* Task to complete *
Please return every line in the entries below with the word "finally" in it.

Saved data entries
lemma inverse_C_W_bar_mult_sum_le:
  assumes \<alpha>: "inverse (C_W_bar W) = ennreal \<alpha>" "0 \<le> \<alpha>"
    and F: "finite F" "F \<subseteq> {X. finite X \<and> {x} \<subset> X}"
  shows "\<alpha> * (\<Sum>X\<in>F. cmod (W X - 1)) \<le> 1 - \<alpha>"
proof -
  let ?s = "\<Sum>X\<in>F. cmod (W X - 1)"
  have "ennreal (1 + ?s) \<le> C_W_bar W"
    using order_trans[OF sum_le_C_W[OF F] C_W_le_C_W_bar] by (simp add: ennreal_plus sum_nonneg)
  then have "ennreal (1 + ?s) * inverse (C_W_bar W) \<le> 1"
    using divide_le_posI_ennreal[of "C_W_bar W" "ennreal (1 + ?s)" 1] C_W_bar_pos[of W]
    by (simp add: divide_ennreal_def)
  then have "ennreal ((1 + ?s) * \<alpha>) \<le> ennreal 1"
    using \<alpha> by (simp add: ennreal_mult sum_nonneg)
  then have "(1 + ?s) * \<alpha> \<le> 1"
    by (simp add: ennreal_le_iff2)
  then show ?thesis
    by (simp add: algebra_simps)
qed

lemma factor_singleton: "factor W \<alpha> x {x} = ennreal (cmod (W {x}))"
  unfolding factor_def by simp

lemma factor_eq_Max_image:
  "factor W \<alpha> x X = Max (insert (ennreal (cmod (W X)))
     ((\<lambda>S. 1 + ennreal (cmod (W X - 1)) * \<alpha> ^ card S) ` {S. S \<noteq> {} \<and> S \<subseteq> X - {x}}))"
  unfolding factor_def setcompr_eq_image by simp

lemma factor_ge_1:
  assumes "finite X" "{x} \<subset> X"
  shows "1 \<le> factor W \<alpha> x X"
proof -
  obtain y where "y \<in> X" "y \<noteq> x"
    using assms(2) by auto
  then have "{y} \<in> {S. S \<noteq> {} \<and> S \<subseteq> X - {x}}"
    by simp
  then have "1 + ennreal (cmod (W X - 1)) * \<alpha> ^ card {y} \<le> factor W \<alpha> x X"
    unfolding factor_eq_Max_image using assms(1)
    by (intro Max_ge insertI2 imageI) (auto intro: finite_subset[of _ "Pow X"])
  then show ?thesis
    by (rule order_trans[rotated]) simp
qed

lemma factor_le:
  assumes "finite X" "0 \<le> \<alpha>" "\<alpha> \<le> 1"
  shows "factor W (ennreal \<alpha>) x X
    \<le> max (ennreal (cmod (W X))) 1 * ennreal (1 + \<alpha> * cmod (W X - 1))"
  unfolding factor_eq_Max_image
proof (rule Max.boundedI, goal_cases)
  case 1
  show ?case
    using assms(1) by (auto intro: finite_subset[of _ "Pow X"])
next
  case (3 b)
  let ?R = "max (ennreal (cmod (W X))) 1 * ennreal (1 + \<alpha> * cmod (W X - 1))"
  have one_le: "1 \<le> ennreal (1 + \<alpha> * cmod (W X - 1))"
    using assms by simp
  have "ennreal (cmod (W X)) \<le> ?R"
    using mult_mono[OF max.cobounded1 one_le] by simp
  moreover have "1 + ennreal (cmod (W X - 1)) * ennreal \<alpha> ^ card S \<le> ?R"
    if "S \<noteq> {}" "S \<subseteq> X - {x}" for S
  proof -
    have "card S \<noteq> 0"
      using that assms(1) finite_subset by fastforce
    then have "\<alpha> ^ card S \<le> \<alpha>"
      using assms(2,3) power_decreasing[of 1 "card S" \<alpha>] by simp
    have "1 + ennreal (cmod (W X - 1)) * ennreal \<alpha> ^ card S
        = ennreal (1 + \<alpha> ^ card S * cmod (W X - 1))"
      using assms(2) by (simp add: ennreal_power ennreal_mult' mult_ac)
    also have "\<dots> \<le> ennreal (1 + \<alpha> * cmod (W X - 1))"
      using \<open>\<alpha> ^ card S \<le> \<alpha>\<close> by (intro ennreal_leI add_left_mono mult_right_mono) auto
    also have "\<dots> \<le> ?R"
      using mult_right_mono[of 1 "max (ennreal (cmod (W X))) 1"] by simp
    finally show ?thesis .
  qed
  ultimately show ?case
    using 3 by auto
qed simp

lemma mult_exp_neg_le:
  fixes \<alpha> :: real
  assumes "0 \<le> \<alpha>"
  shows "\<alpha> * exp (- \<alpha>) \<le> \<alpha> / (1 + \<alpha>)"
proof -
  have "\<alpha> * exp (- \<alpha>) = \<alpha> / exp \<alpha>"
    by (simp add: exp_minus divide_inverse)
  also have "\<dots> \<le> \<alpha> / (1 + \<alpha>)"
    using assms by (intro divide_left_mono) (auto simp: add_pos_nonneg)
  finally show ?thesis .
qed

lemma inverse_mult_e_mult_exp_le:
  fixes M :: ennreal
  assumes \<alpha>: "inverse M = ennreal \<alpha>" "0 \<le> \<alpha>" and "0 < M"
  shows "inverse (M * ennreal (exp 1)) * ennreal (exp (1 - \<alpha>)) \<le> inverse M / (1 + inverse M)"
proof -
  have "inverse (M * ennreal (exp 1)) * ennreal (exp (1 - \<alpha>)) = ennreal (\<alpha> * exp (- \<alpha>))"
    using assms
    by (simp add: ennreal_inverse_mult' inverse_ennreal ennreal_mult[symmetric] exp_diff
        exp_minus field_simps)
  also have "\<dots> \<le> ennreal (\<alpha> / (1 + \<alpha>))"
    using \<alpha>(2) by (intro ennreal_leI mult_exp_neg_le)
  also have "\<dots> = ennreal \<alpha> / ennreal (1 + \<alpha>)"
    by (rule divide_ennreal[symmetric]) (use \<alpha>(2) in auto)
  also have "\<dots> = inverse M / (1 + inverse M)"
    using \<alpha> by simp
  finally show ?thesis .
qed

lemma prod_ennreal_factor_le_singleton_mult:
  "prod_ennreal (factor W \<alpha> x) {X. finite X \<and> x \<in> X}
    \<le> ennreal (cmod (W {x})) * prod_ennreal (factor W \<alpha> x) {X. finite X \<and> {x} \<subset> X}"
proof -
  have "{X. finite X \<and> x \<in> X} = insert {x} {X. finite X \<and> {x} \<subset> X}"
    by auto
  moreover have "\<forall>X\<in>{X. finite X \<and> {x} \<subset> X}. 1 \<le> factor W \<alpha> x X"
    by (auto intro: factor_ge_1)
  ultimately show ?thesis
    using prod_ennreal_insert_le[of "{x}" "{X. finite X \<and> {x} \<subset> X}" "factor W \<alpha> x"]
    by (simp add: factor_singleton)
qed

lemma prod_ennreal_factor_le_mult_exp:
  assumes \<alpha>: "inverse (C_W_bar W) = ennreal \<alpha>" "0 \<le> \<alpha>" "\<alpha> \<le> 1"
  shows "prod_ennreal (factor W (ennreal \<alpha>) x) {X. finite X \<and> {x} \<subset> X}
    \<le> prod_ennreal (\<lambda>X. max (ennreal (cmod (W X))) 1) {X. finite X \<and> {x} \<subset> X}
      * ennreal (exp (1 - \<alpha>))"
proof (rule prod_ennreal_le_mult_exp[where t = "\<lambda>X. \<alpha> * cmod (W X - 1)"])
  show "\<forall>X\<in>{X. finite X \<and> {x} \<subset> X}. 1 \<le> factor W (ennreal \<alpha>) x X"
    by (auto intro: factor_ge_1)
  show "\<And>X. X \<in> {X. finite X \<and> {x} \<subset> X}
      \<Longrightarrow> factor W (ennreal \<alpha>) x X \<le> max (ennreal (cmod (W X))) 1 * ennreal (1 + \<alpha> * cmod (W X - 1))"
    using \<alpha>(2,3) by (intro factor_le) auto
  show "\<And>F. finite F \<Longrightarrow> F \<subseteq> {X. finite X \<and> {x} \<subset> X}
      \<Longrightarrow> (\<Sum>X\<in>F. \<alpha> * cmod (W X - 1)) \<le> 1 - \<alpha>"
    unfolding sum_distrib_left[symmetric] using \<alpha>(1,2) by (rule inverse_C_W_bar_mult_sum_le)
qed (use \<alpha>(2) in auto)

theorem corollary2p2:
  fixes z :: "'a::countable \<Rightarrow> complex" and W :: "'a set \<Rightarrow> complex"
  assumes hyp: "\<And>x. ennreal (cmod (z x * W {x})) *
      prod_ennreal (\<lambda>X. max (ennreal (cmod (W X))) 1) {X. finite X \<and> {x} \<subset> X}
      \<le> inverse (C_W_bar W * ennreal (exp 1))"
  shows "\<forall>x. ennreal (cmod (z x)) *
      prod_ennreal (factor W (inverse (C_W_bar W)) x) {X. finite X \<and> x \<in> X}
      \<le> inverse (C_W_bar W) / (1 + inverse (C_W_bar W))"
proof
  fix x :: 'a
  obtain \<alpha> where \<alpha>: "inverse (C_W_bar W) = ennreal \<alpha>" "0 \<le> \<alpha>" "\<alpha> \<le> 1"
    by (rule inverse_C_W_bar_real)
  let ?f = "factor W (ennreal \<alpha>) x" and ?B = "{X. finite X \<and> {x} \<subset> X}"
  have "ennreal (cmod (z x)) * prod_ennreal ?f {X. finite X \<and> x \<in> X}
      \<le> ennreal (cmod (z x)) * (ennreal (cmod (W {x})) * prod_ennreal ?f ?B)"
    by (intro mult_left_mono prod_ennreal_factor_le_singleton_mult) simp
  also have "\<dots> \<le> ennreal (cmod (z x * W {x}))
      * prod_ennreal (\<lambda>X. max (ennreal (cmod (W X))) 1) ?B * ennreal (exp (1 - \<alpha>))"
    using prod_ennreal_factor_le_mult_exp[OF \<alpha>, of x]
    by (simp add: mult_left_mono norm_mult ennreal_mult mult.assoc)
  also have "\<dots> \<le> inverse (C_W_bar W * ennreal (exp 1)) * ennreal (exp (1 - \<alpha>))"
    using hyp[of x] by (rule mult_right_mono) simp
  also have "\<dots> \<le> inverse (C_W_bar W) / (1 + inverse (C_W_bar W))"
    using \<alpha>(1,2) C_W_bar_pos by (rule inverse_mult_e_mult_exp_le)
  finally show "ennreal (cmod (z x)) *
      prod_ennreal (factor W (inverse (C_W_bar W)) x) {X. finite X \<and> x \<in> X}
      \<le> inverse (C_W_bar W) / (1 + inverse (C_W_bar W))"
    unfolding \<alpha>(1) .
qed

end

* Result of the exercise *
    finally show ?thesis .
  finally show ?thesis .
  finally show ?thesis .
  finally show "ennreal (cmod (z x)) *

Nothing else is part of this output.